同時に考えなければならないのは、一番安い「梅」の商品は、どれだけ数が売れても手間やコストにマイナスが出ないようにすることが大切です。一番安い商品をつくることでその商品が一番多く売れる可能性が高まりますが、そこでマイナスが生まれるような仕組みになると、全体での利益率アップは望めません。

松竹梅の法則で利益率をアップさせるには、赤字覚悟の商品をつくってはいけません。

 


松竹梅の法則で利益の最大化を狙うには


松竹梅の法則では「竹」の値段の商品が一番売れるとされていますが、現実ではそうならない場合もあります。

「竹」が売れゆきに関わらず、「松」が一番売れれば全体の売上額はより大きくなり「梅」が一番売れると売上額は小さくなります。

そこで、商品の内容と値付けには以下のような視点をもつことが大切です。

 

松は、プレミアム感があり十分な利益を確保できる商品

松の商品は、商品自体の価値に加えて、価格も充分な利益を考慮した値とすることが有効です。

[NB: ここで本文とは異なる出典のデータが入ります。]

lemma arc_decomposition_exists:
  assumes "Ybd g \<alpha> \<noteq> {}" "continuous_on (curve g) f" "\<forall>\<tau>\<in>Ylim g \<alpha>. 0 < f \<tau>"
  shows "\<exists>W G V. arc_decomposition g \<alpha> f W G V"
proof -
  obtain y where y: "y \<in> Ybd g \<alpha>"
    using assms(1) by blast
  define q where "q = param g y"
  have "g q = y" "g (q + 1) = y"
    using y g_param unfolding q_def Ybd_def Lam_def by (auto simp: periodic.plus_period)
  define S where "S = {q..q+1} \<inter> g -` Ybd g \<alpha>"
  have "closed S"
    unfolding S_def by (intro continuous_closed_preimage continuous_on_g closed_atLeastAtMost closed_Ybd)
  have "S \<subseteq> {q..q+1}" "q \<in> S" "q + 1 \<in> S"
    using y \<open>g q = y\<close> \<open>g (q + 1) = y\<close> unfolding S_def by auto
  have "continuous_on {q..q+1} (f \<circ> g)"
    using assms(2) curve_eq_image[of q] continuous_on_g by (metis continuous_on_compose)
  have Ylim: "g s \<in> Ylim g \<alpha>" if "s islimpt S" for s
    using islimpt_image_g islimpt_subset[OF that] unfolding S_def Ylim_def by blast
  have "0 < (f \<circ> g) s" if "s \<in> {q..q+1}" "s islimpt S" for s
    using assms(3) Ylim[OF that(2)] by simp
  then obtain N p where chain: "step_chain S (f \<circ> g) N p" "p 0 = q" "p N = q + 1"
    using step_chain_exists[OF \<open>closed S\<close> \<open>S \<subseteq> {q..q+1}\<close> \<open>q \<in> S\<close> \<open>q + 1 \<in> S\<close>
        \<open>continuous_on {q..q+1} (f \<circ> g)\<close>] by blast
  have p_S: "p i \<in> S" "p (Suc i) \<in> S" and p_less: "p i < p (Suc i)" if "i < N" for i
    using chain(1) that unfolding step_chain_def chain_step_def by auto
  have p_bounds: "q \<le> p i" "p (Suc i) \<le> q + 1" if "i < N" for i
    using p_S[OF that] \<open>S \<subseteq> {q..q+1}\<close> by auto
  define arc where "arc i = g ` {p i<..<p (Suc i)}" for i
  have arc_eq: "arc i = open_arc g (g (p i)) (g (p (Suc i)))" if "i < N" for i
    unfolding arc_def using p_less[OF that] p_bounds[OF that] by (subst open_arc_g) auto
  have closure_arc: "closure (arc i) = g ` {p i..p (Suc i)}" if "i < N" for i
    unfolding arc_def using closure_image_g p_less[OF that] by simp
  show ?thesis
  proof (rule arc_decomposition_of_arcs)
    show "finite (arc ` {..<N})"
      by simp
    show "pairwise disjnt (arc ` {..<N})"
    proof (rule pairwise_imageI)
      fix i j assume "i \<in> {..<N}" "j \<in> {..<N}" "i \<noteq> j"
      then have "{p i<..<p (Suc i)} \<inter> {p j<..<p (Suc j)} = {}"
        using step_chain_disjoint[OF chain \<open>S \<subseteq> {q..q+1}\<close>] by simp
      moreover have "{p k<..<p (Suc k)} \<subseteq> {q..<q+1}" if "k < N" for k
        using p_bounds[OF that] by auto
      ultimately show "disjnt (arc i) (arc j)"
        using \<open>i \<in> {..<N}\<close> \<open>j \<in> {..<N}\<close> inj_on_image_Int[OF inj_on_g_atLeastLessThan, of _ q]
        unfolding disjnt_def arc_def by (metis image_empty lessThan_iff)
    qed
    show "curve g = (\<Union>A\<in>arc ` {..<N}. closure A)"
      using step_chain_Icc_eq_UN[OF chain \<open>S \<subseteq> {q..q+1}\<close>] curve_eq_image[of q] closure_arc
      by (simp add: image_UN)
  next
    fix A assume "A \<in> arc ` {..<N}"
    then obtain i where "i < N" and A: "A = arc i"
      by blast
    have ends: "g (p i) \<in> Ybd g \<alpha>" "g (p (Suc i)) \<in> Ybd g \<alpha>"
      using p_S[OF \<open>i < N\<close>] unfolding S_def by auto
    then have "(\<alpha> ^^ mult_m g \<alpha>) ` A = A"
      unfolding A arc_eq[OF \<open>i < N\<close>] Ybd_def by (intro funpow_mult_m_image_open_arc) auto
    moreover have "connected A"
      unfolding A arc_def by (intro connected_continuous_image continuous_on_g) auto
    ultimately show "adm_arc g \<alpha> A \<and> connected A"
      unfolding adm_arc_def A using ends arc_eq[OF \<open>i < N\<close>] by blast
    assume "A \<inter> Ybd g \<alpha> \<noteq> {}"
    then obtain s where "s \<in> {p i<..<p (Suc i)}" "g s \<in> Ybd g \<alpha>"
      unfolding A arc_def by blast
    then have "s \<in> S \<inter> {p i<..<p (Suc i)}"
      using p_bounds[OF \<open>i < N\<close>] unfolding S_def by simp
    then have "S \<inter> {p i<..<p (Suc i)} \<noteq> {}"
      by blast
    then have "(\<forall>s\<in>{p i..p (Suc i)}. 0 < f (g s)) \<and> (\<exists>s\<in>{p i..p (Suc i)}. s islimpt S)"
      using chain(1) \<open>i < N\<close> unfolding step_chain_def chain_step_def by auto
    then show "closure A \<inter> Ylim g \<alpha> \<noteq> {} \<and> (\<forall>t\<in>closure A. 0 < f t)"
      unfolding A closure_arc[OF \<open>i < N\<close>] using Ylim by blast
  qed
qed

たとえ値段が高くても、より良いものを買いたいという人に加えて、「値段が高いこと」に価値を感じる人も一定数います。

価格が高いことで需要が増す「ヴェブレン効果」についてはこちら

 

竹は、最も売りたい適正価格の商品

「竹」の商品は、最も売りたいメインとなる商品とし、価格も適切な利益を見込みます。

「竹」は、「松」が比較対象になることで価格は相対的に安く見え、利益率へ注目を逸らす効果も期待できます。

また「竹」を高いと感じる人に対しても、「梅」が受け皿となるので不要な安値設定をする必要はありません。

 

梅は、労力とコストのかからない商品

「梅」の商品は、いくら売れても労力のかからない品にすることのポイントです。

価格が低い商品は利益率も低いことが多いため、手間などの労力がかかったり、余計なコストがかかったりすると、更なる利益の減少となってしまいます。

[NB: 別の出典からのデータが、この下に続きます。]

lemma exists_list_nth:
  assumes "\<And>i. i < n \<Longrightarrow> \<exists>x. P i x"
  shows "\<exists>xs. length xs = n \<and> (\<forall>i<n. P i (xs ! i))"
proof (intro exI conjI allI impI)
  show "length (map (\<lambda>i. SOME x. P i x) [0..<n]) = n" by simp
  fix i assume "i < n"
  then show "P i (map (\<lambda>i. SOME x. P i x) [0..<n] ! i)" using someI_ex[OF assms] by simp
qed

lemma decoration_exists: "reduced T \<Longrightarrow> leaves T = length u + 1 \<Longrightarrow> \<exists>s. swf s \<and> shape s = T \<and> reading s = u"
proof (induction T arbitrary: u)
  case (Nd ts)
  show ?case
  proof (cases "ts = []")
    case True
    then show ?thesis using Nd.prems by (intro exI[of _ "SN [] []"]) simp
  next
    case False
    define ks where "ks = map (\<lambda>t. leaves t - 1) ts"
    have "length u = sum_list ks + length ks - 1"
      using Nd.prems False sum_list_minus_1[of leaves ts, OF leaves_pos] by (simp add: ks_def)
    then obtain rs l where rl: "map length rs = ks" "length l = length ks - 1" "ilv rs l = u"
      using ilv_surj[of ks u] False by (auto simp: ks_def)
    have "\<exists>s. swf s \<and> shape s = ts ! i \<and> reading s = rs ! i" if i: "i < length ts" for i
    proof (rule Nd.IH)
      show "ts ! i \<in> set ts" "reduced (ts ! i)" using Nd.prems i by auto
      have "length (rs ! i) = leaves (ts ! i) - 1" using rl(1) i by (metis ks_def length_map nth_map)
      then show "leaves (ts ! i) = length (rs ! i) + 1" using leaves_pos[of "ts ! i"] by simp
    qed
    then obtain ss where ss: "length ss = length ts"
      "\<forall>i<length ts. swf (ss ! i) \<and> shape (ss ! i) = ts ! i \<and> reading (ss ! i) = rs ! i"
      using exists_list_nth[of "length ts" "\<lambda>i s. swf s \<and> shape s = ts ! i \<and> reading s = rs ! i"]
      by blast
    have lrs: "length rs = length ts" using rl(1) by (metis ks_def length_map)
    have "map shape ss = ts" "map reading ss = rs" using ss lrs by (auto intro: nth_equalityI)
    moreover have "\<forall>t\<in>set ss. swf t" using ss by (auto simp: in_set_conv_nth)
    ultimately show ?thesis using rl ss by (intro exI[of _ "SN ss l"]) (simp add: ks_def)
  qed
qed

また「梅」が購入者にとって一番価値がある商品と感じられてしまうと、それ以上の価格である「竹」「梅」が売れなくなってしまいます。

 


松竹梅の法則を活用する際の注意点


「松竹梅の法則」は多くの消費者にもよく知られており、値付けに活用しやすい法則ですが、情報も商品も豊富になった現代では、「松竹梅の法則」が有効でない場合もあります。

以下に注意点を挙げます。

 

セルフ販売では、心理効果が機能しにくい。

松竹梅の法則で「竹」の価格を売る手法は、対面販売・接客の時に有効です。

量販店などでのセルフ販売やネットショッピングでは、価格を選ぶ見栄はあまり働かないため、自分の欲しい価格をストレートに選ぶびます。結果として、一番安い「梅」の価格が選ばれる傾向が強くなります。

 

真ん中の価格は中途半端に見える。

商品の差を訴求する際に、「ちょうど良い」真ん中の価格が、個性を失わせる場合があります。また現代の日本では、消費者の多くが、高価格ブランドと低価格ブランドをミックスして購入するライフスタイルであり、価格そのものが商品の個性・特性を表す要素になる場合が多くなっています。